lemma alg_closed_poly_induct [consumes 1, case_names const linear]:
  fixes p :: "'a::alg_closed_field poly"
  assumes "p \<noteq> 0"
    and const: "\<And>c. c \<noteq> 0 \<Longrightarrow> P [:c:]"
    and linear: "\<And>c q. q \<noteq> 0 \<Longrightarrow> P q \<Longrightarrow> P ([:- c, 1:] * q)"
  shows "P p"
  using assms(1)
proof (induction "degree p" arbitrary: p rule: less_induct)
  case less
  show ?case
  proof (cases "degree p = 0")
    case True
    then show ?thesis
      using less.prems const by (metis degree_eq_zeroE pCons_0_0)
  next
    case False
    then obtain c where "poly p c = 0"
      using alg_closed_imp_poly_has_root by blast
    then obtain q where p: "p = [:- c, 1:] * q"
      by (metis dvdE poly_eq_0_iff_dvd)
    with less.prems have "q \<noteq> 0"
      by auto
    then have "degree q < degree p"
      unfolding p by (subst degree_mult_eq) auto
    then show ?thesis
      using less.hyps \<open>q \<noteq> 0\<close> linear p by blast
  qed
qed

lemma X_linear_times_const: "[:[:- c, 1:] * q:] = (X2 - const2 c) * [:q:]"
  by (simp add: X2_def const2_def)

lemma X_linear_nonzero [simp]: "X2 - const2 c \<noteq> (0 :: 'a::comm_ring_1 poly poly)"
  by (simp add: X2_def const2_def)

lemma subst_x_X_linear [simp]: "subst_x c (X2 - const2 c) = 0"
  by (simp add: X2_def const2_def)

# # # # #

▸ **What this task involves**
The whole listing above should be copied out exactly.

▸ **Output**
lemma alg_closed_poly_induct [consumes 1, case_names const linear]:
  fixes p :: "'a::alg_closed_field poly"
  assumes "p \<noteq> 0"
    and const: "\<And>c. c \<noteq> 0 \<Longrightarrow> P [:c:]"
    and linear: "\<And>c q. q \<noteq> 0 \<Longrightarrow> P q \<Longrightarrow> P ([:- c, 1:] * q)"
  shows "P p"
  using assms(1)
proof (induction "degree p" arbitrary: p rule: less_induct)
  case less
  show ?case
  proof (cases "degree p = 0")
    case True
    then show ?thesis
      using less.prems const by (metis degree_eq_zeroE pCons_0_0)
  next
    case False
    then obtain c where "poly p c = 0"
      using alg_closed_imp_poly_has_root by blast
    then obtain q where p: "p = [:- c, 1:] * q"
      by (metis dvdE poly_eq_0_iff_dvd)
    with less.prems have "q \<noteq> 0"
      by auto
    then have "degree q < degree p"
      unfolding p by (subst degree_mult_eq) auto
    then show ?thesis
      using less.hyps \<open>q \<noteq> 0\<close> linear p by blast
  qed
qed

lemma X_linear_times_const: "[:[:- c, 1:] * q:] = (X2 - const2 c) * [:q:]"
  by (simp add: X2_def const2_def)

lemma X_linear_nonzero [simp]: "X2 - const2 c \<noteq> (0 :: 'a::comm_ring_1 poly poly)"
  by (simp add: X2_def const2_def)

lemma subst_x_X_linear [simp]: "subst_x c (X2 - const2 c) = 0"
  by (simp add: X2_def const2_def)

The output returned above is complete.